Generally, APIs will ask that you first obtain a key to use them. Even if APIs offer unlimited requests, it is important for them to require users to supply an API key so that they can track (often anonymized) usage statistics, errors, and so on.

Sometimes, APIs require you to pay, either immediately or after making a certain number of requests. Keys can be used to track usage for payment calculations, too. For an example of this system, see OpenAI's [pricing page](https://openai.com/api/pricing/).

### An API Key for DPLA

For this tutorial, we'll work with the Digital Public Library of America's (DPLA) API. Take a few minutes to read through their [API Basics](https://pro.dp.la/developers/api-basics), then request an API key.

:::{note} Request types

You'll notice that you must submit a `POST` request to receive an API key. `POST` is one of several HTTP verbs. When you enter a URL into a web browser and hit "Enter," you're typically issuing a `GET` request: `GET` requests do not have a request body; they simply ask for the information at the provided URL, perhaps with some query parameters (the `key=value` pairs after a `?` in the URL).

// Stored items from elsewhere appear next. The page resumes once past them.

lemma regular_lang_Dom:
  assumes "1 + \<bar>p\<bar> < \<bar>q\<bar>"
  shows "regular_lang (Sigma q) (Dom p q)"
proof -
  let ?S = "Sigma q"
  let ?lex = "lexord {(a, b :: int). a < b}"
  have "zip w v \<noteq> [] \<and> snd (last (zip w v)) = 0 \<longleftrightarrow> v \<noteq> [] \<and> last v = 0"
    if "length v = length w" for w v :: "int list"
  proof (cases "v = []")
    case False
    with that have "w \<noteq> []" by auto
    with False that show ?thesis by (simp add: last_zip)
  qed simp
  moreover have "zip w v \<in> lists (?S \<times> ?S)" if "w \<in> lists ?S" "v \<in> lists ?S" for w v
    using that by (auto dest: set_zip_leftD set_zip_rightD)
  ultimately have "(\<exists>v \<in> lists ?S. length v = length w \<and> zip w v \<in> {x \<in> lists (?S \<times> ?S).
        tpoly p q dvd Poly (map (\<lambda>(a, b). a - b) x) \<and>
        (x \<noteq> [] \<and> snd (last x) = 0 \<or> (map snd x, map fst x) \<in> ?lex)}) \<longleftrightarrow>
      (\<exists>v \<in> lists ?S. length v = length w \<and> tpoly p q dvd Poly w - Poly v \<and>
        (v \<noteq> [] \<and> last v = 0 \<or> (v, w) \<in> ?lex))" if "w \<in> lists ?S" for w
    using that by (intro bex_cong refl) (auto simp: Poly_map_diff_zip)
  then have "{w \<in> lists ?S. \<exists>v \<in> lists ?S. length v = length w \<and> zip w v \<in> {x \<in> lists (?S \<times> ?S).
        tpoly p q dvd Poly (map (\<lambda>(a, b). a - b) x) \<and>
        (x \<noteq> [] \<and> snd (last x) = 0 \<or> (map snd x, map fst x) \<in> ?lex)}} =
      {w \<in> lists ?S. \<exists>v \<in> lists ?S. length v = length w \<and> tpoly p q dvd Poly w - Poly v \<and>
        (v \<noteq> [] \<and> last v = 0 \<or> (v, w) \<in> ?lex)}"
    by (intro Collect_cong conj_cong refl)
  moreover from assms have "q \<noteq> 0" by auto
  ultimately show ?thesis
    using regular_lang_Diff[OF regular_lang_project[OF regular_lang_smaller_equivalent[OF assms]]]
    by (simp add: Dom_eq_lists_Diff)
qed

lemma poly_eq_if_peq_at_root:
  assumes "peq p q f g" and "x\<^sup>2 + p * x - q = 0"
  shows "poly f x = poly g x"
proof -
  obtain h where "f - g = tpoly p q * h"
    using assms(1) unfolding peq_def by (rule dvdE)
  moreover have "poly (tpoly p q) x = 0"
    using assms(2) by (simp add: tpoly_def power2_eq_square algebra_simps)
  ultimately have "poly (f - g) x = 0"
    by simp
  then show ?thesis
    by simp
qed

text \<open>A class h1 x + h2 lies on the eigenline of the root s iff it vanishes at s; its value at the
  other root r = -p - s is then h1 (r - s), which detects whether h1 is a multiple of z1.\<close>

lemma mem_psi_preimage_eigenline_iff:
  assumes root: "s\<^sup>2 + p * s - q = 0" and "p + 2 * s \<noteq> 0" and z2: "z2 = - s * z1"
  shows "w \<in> psi_preimage p q (cyc (z1, z2)) \<longleftrightarrow>
    w \<in> Dom p q \<and> poly (Poly w) s = 0 \<and> z1 * (p + 2 * s) dvd poly (Poly w) (- p - s)"
proof -
  have root': "(- p - s)\<^sup>2 + p * (- p - s) - q = 0"
    using root by (simp add: power2_eq_square algebra_simps)
  have "(\<exists>k. peq p q (Poly w) (smult k [:- s * z1, z1:])) \<longleftrightarrow>
      poly (Poly w) s = 0 \<and> z1 * (p + 2 * s) dvd poly (Poly w) (- p - s)"
  proof
    assume "\<exists>k. peq p q (Poly w) (smult k [:- s * z1, z1:])"
    then obtain k where k: "peq p q (Poly w) (smult k [:- s * z1, z1:])" ..
    have "poly (Poly w) s = 0"
      using poly_eq_if_peq_at_root[OF k root] by (simp add: algebra_simps)
    moreover have "poly (Poly w) (- p - s) = z1 * (p + 2 * s) * (- k)"
      using poly_eq_if_peq_at_root[OF k root'] by (simp add: algebra_simps)
    ultimately show "poly (Poly w) s = 0 \<and> z1 * (p + 2 * s) dvd poly (Poly w) (- p - s)"
      by simp
  next
    assume evals: "poly (Poly w) s = 0 \<and> z1 * (p + 2 * s) dvd poly (Poly w) (- p - s)"
    obtain h1 h2 where h: "peq p q (Poly w) [:h2, h1:]"
      using peq_linear_exists by blast
    have "h2 = - s * h1"
      using evals poly_eq_if_peq_at_root[OF h root] by (simp add: algebra_simps)
    moreover have "poly (Poly w) (- p - s) = - (h1 * (p + 2 * s))"
      using poly_eq_if_peq_at_root[OF h root'] \<open>h2 = - s * h1\<close> by (simp add: algebra_simps)
    with evals have "z1 * (p + 2 * s) dvd h1 * (p + 2 * s)"
      by simp
    with assms(2) have "z1 dvd h1"
      by simp
    then obtain k where "h1 = z1 * k" ..
    ultimately have "peq p q (Poly w) (smult k [:- s * z1, z1:])"
      using h by (simp add: algebra_simps)
    then show "\<exists>k. peq p q (Poly w) (smult k [:- s * z1, z1:])" ..
  qed
  then show ?thesis
    by (simp add: mem_psi_preimage_cyc_iff z2)
qed
lemma clifford_module_tensor_clifford:
  assumes cm: "clifford_module Jm" and cr: "clifford_module Jr" and K: "linear K"
    and K_sym: "\<And>x y. inner (K x) y = inner x (K y)"
    and K_inv: "\<And>x. K (K x) = x"
    and K_anti: "\<And>z x. Jm z (K x) = - K (Jm z x)"
  shows "clifford_module (tensor_clifford Jm K Jr)"
proof -
  let ?J = "tensor_clifford Jm K Jr"
  have param: "linear (\<lambda>zw. ?J zw X)" for X
    by (rule linearI)
      (auto simp: tensor_clifford_def clifford_module_add_param[OF cm] clifford_module_add_param[OF cr]
        clifford_module_scale_param[OF cm] clifford_module_scale_param[OF cr] tensor_map_add_left
        tensor_map_add_right tensor_map_scaleR_left tensor_map_scaleR_right algebra_simps)
  have skew: "inner (?J zw X) Y = - inner X (?J zw Y)" for zw X Y
  proof (cases zw)
    case (Pair z w)
    show ?thesis
    proof (rule skew_if_skew_on_axis[OF linear_tensor_clifford])
      show "inner (?J zw (axis p 1)) (axis q 1) = - inner (axis p 1) (?J zw (axis q 1))" for p q
        by (simp add: Pair axis_eq_tensor_vec[of p] axis_eq_tensor_vec[of q]
            tensor_clifford_tensor_vec[OF cm cr K] inner_add_left inner_add_right inner_tensor_vec
            clifford_module_skew[OF cm] clifford_module_skew[OF cr] K_sym)
    qed
  qed
  have square: "?J zw (?J zw X) = - (inner zw zw) *\<^sub>R X" for zw X
  proof (cases zw)
    case (Pair z w)
    have "(\<lambda>X. ?J zw (?J zw X)) = (\<lambda>X. - (inner zw zw) *\<^sub>R X)"
    proof (rule linear_eq_axis)
      show "linear (\<lambda>X. ?J zw (?J zw X))"
        using linear_compose[OF linear_tensor_clifford linear_tensor_clifford] by (simp add: o_def)
      show "linear (\<lambda>X. - (inner zw zw) *\<^sub>R X)"
        by (rule linear_scaleR)
      show "?J zw (?J zw (axis p 1)) = - (inner zw zw) *\<^sub>R axis p 1" for p
        by (simp add: Pair axis_eq_tensor_vec[of p] tensor_clifford_tensor_vec[OF cm cr K]
            linear_add[OF linear_tensor_clifford] clifford_module_square[OF cm]
            clifford_module_square[OF cr] K_anti K_inv tensor_vec_scaleR_left
            tensor_vec_scaleR_right tensor_vec_minus_left tensor_vec_minus_right algebra_simps)
    qed
    then show ?thesis
      by metis
  qed
  show ?thesis
    unfolding clifford_module_def using param linear_tensor_clifford skew square by blast
qed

`POST` requests, by contrast, _may_ contain a request body. You've probably submitted `POST` requests without knowing it whenever you sign up for a new service. That's essentially what we're doing with DPLA here, we're just doing it from the command line instead of through an interface that DPLA has built.
:::

The DPLA [documentation](https://pro.dp.la/developers/policies#get-a-key) instructs you to submit a request using `curl`, but we don't have access to `curl` from this notebook. Instead, let's make the request using the Python "Requests" library.

In [7]:
%pip install requests

Note: you may need to restart the kernel to use updated packages.


In [8]:
import requests

my_email = "YOUR EMAIL HERE"

requests.post(f"https://api.dp.la/v2/api_key/{my_email}")

<Response [400]>

After running the above code cell, you should receive an email with your API code. It's good practice not to share these codes or include them in version control (i.e., git).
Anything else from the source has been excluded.